NERA was retained by the US Department of Energy’s Office of Fossil Energy to analyze the macroeconomic outcomes of different export levels on natural gas markets and the US economy. As part of this study, NERA developed and examined a total of 54 scenarios for future US LNG exports, assessed the likelihood of these different levels of LNG exports, and analyzed their outcomes on the US natural gas markets using its Global Natural Gas Model (GNGM) and its NewERA macroeconomic model of the US economy to project the impacts of the different scenarios on key metrics such as gross domestic product (GDP), consumer welfare, change in sectoral outputs, and aggregate consumption and investment, over the 2020 to 2040 time period. 
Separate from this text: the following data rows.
lemma universal_property:
  fixes H :: "('c, 'd) monoid_scheme"
  assumes H: "group H" and f: "f \<in> S \<rightarrow> carrier H"
    and rel: "\<And>s t n. s \<in> S \<Longrightarrow> t \<in> S \<Longrightarrow> (s \<otimes> t) [^] (n::nat) = \<one> \<Longrightarrow>
                 (f s \<otimes>\<^bsub>H\<^esub> f t) [^]\<^bsub>H\<^esub> n = \<one>\<^bsub>H\<^esub>"
  shows "\<exists>h\<in>hom W H. \<forall>s\<in>S. h s = f s"
proof -
  define G0 where "G0 = subgroup_generated H (f ` S)"
  define word where "word xs = word_prod H (map f xs)" for xs
  have "f s \<otimes>\<^bsub>H\<^esub> f s = \<one>\<^bsub>H\<^esub>" if "s \<in> S" for s
  proof -
    have "f s \<in> carrier H"
      using f that by blast
    then show ?thesis
      using rel[OF that that, of 1] that
        monoid.l_one[OF group.is_monoid[OF H] monoid.m_closed[OF group.is_monoid[OF H]]] by simp
  qed
  moreover have "f ` S \<subseteq> carrier H"
    using f by auto
  ultimately have "carrier G0 = word ` {xs. set xs \<subseteq> S}"
    using group.generate_image_involutions[OF H f]
    by (simp add: G0_def word_def carrier_subgroup_generated Int_absorb1)
  then have inj: "inj_on (inv_into {xs. set xs \<subseteq> S} word) (carrier G0)"
    by (simp add: inj_on_inv_into)
  have G0: "group G0"
    by (simp add: G0_def group.group_subgroup_generated[OF H])
  have "f \<in> S \<rightarrow> carrier G0"
    using f by (auto simp: G0_def carrier_subgroup_generated intro: generate.incl)
  moreover have "(f s \<otimes>\<^bsub>G0\<^esub> f t) [^]\<^bsub>G0\<^esub> n = \<one>\<^bsub>G0\<^esub>"
    if "s \<in> S" "t \<in> S" "(s \<otimes> t) [^] n = \<one>" for s t and n :: nat
    using rel[OF that] by (simp add: G0_def pow_subgroup_generated)
  ultimately obtain h where "h \<in> hom W G0" and "\<forall>s\<in>S. h s = f s"
    using universal_property_iso[OF G0 group_transport[OF G0 inj] iso_transport[OF G0 inj]] by blast
  then show ?thesis
    unfolding G0_def hom_into_subgroup_eq_gen[OF H] by blast
qed

abbreviation wprod :: "'a list \<Rightarrow> 'a" where
  "wprod \<equiv> word_prod W"

abbreviation len :: "'a \<Rightarrow> nat" where
  "len \<equiv> cox_length W S"

lemma wprod_closed [simp]: "set xs \<subseteq> S \<Longrightarrow> wprod xs \<in> carrier W"
  using gens_closed by (intro word_prod_closed) auto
These scenarios differed with respect to their assumptions relating to four major sources of uncertainty that affect LNG exports from the United States: 1) natural gas supply conditions in the US, 2) natural gas demand in the US, 3) natural gas supply availability in the rest of the world (ROW), and 4) ROW natural gas demand. In total, NERA developed eleven cases to evaluate the uncertainty from these scenarios. Uncertainty from natural gas supply, demand in the US, and ROW demand was captured by three cases each; while two cases were developed to capture ROW supply uncertainty. Each path through the four sources of uncertainty—which combines a US supply case, a US demand case, a ROW supply case, and a ROW demand case—represented a scenario that, when combined, yielded the 54 scenarios that were analyzed. The likelihood of the LNG export levels associated with each of the scenarios was calculated by assigning probabilities to them, which were developed by the study authors in consultation with external peer reviewers. A cumulative probability distribution over the export levels across the 54 scenarios was constructed, and the analysis concentrated on scenarios that lay within a one-standard-deviation interval around the mean export level in 2040.

The Result

Throughout the entire range of scenarios analyzed, the study determined that the overall US economic output is higher whenever global markets call for higher levels of LNG exports, assuming that exports are allowed to be determined by market conditions. The consistently positive relationships between LNG exports and measures of economic performance (such as consumer welfare, aggregate consumption, and investment) were determined to be primarily a function of the following:

  • The increased US production of natural gas, which has positive effects on labor income, output, and profits in the natural gas production sector.
  • Higher ROW natural gas prices that result in greater natural gas supply in the US, improving US terms of trade. The transfers from natural-gas-related activity to the US economy improves the average consumer’s ability to demand more goods and services leading to higher economic activity.

These two factors more than make up for the dampening economic effects observed in these scenarios, which include a modest increase in natural gas prices, a slightly slower growth in output of certain natural-gas-intensive industries, costs of substituting other fuels for a small fraction of natural gas use in power generation, and small reductions in natural gas use by households and other industries.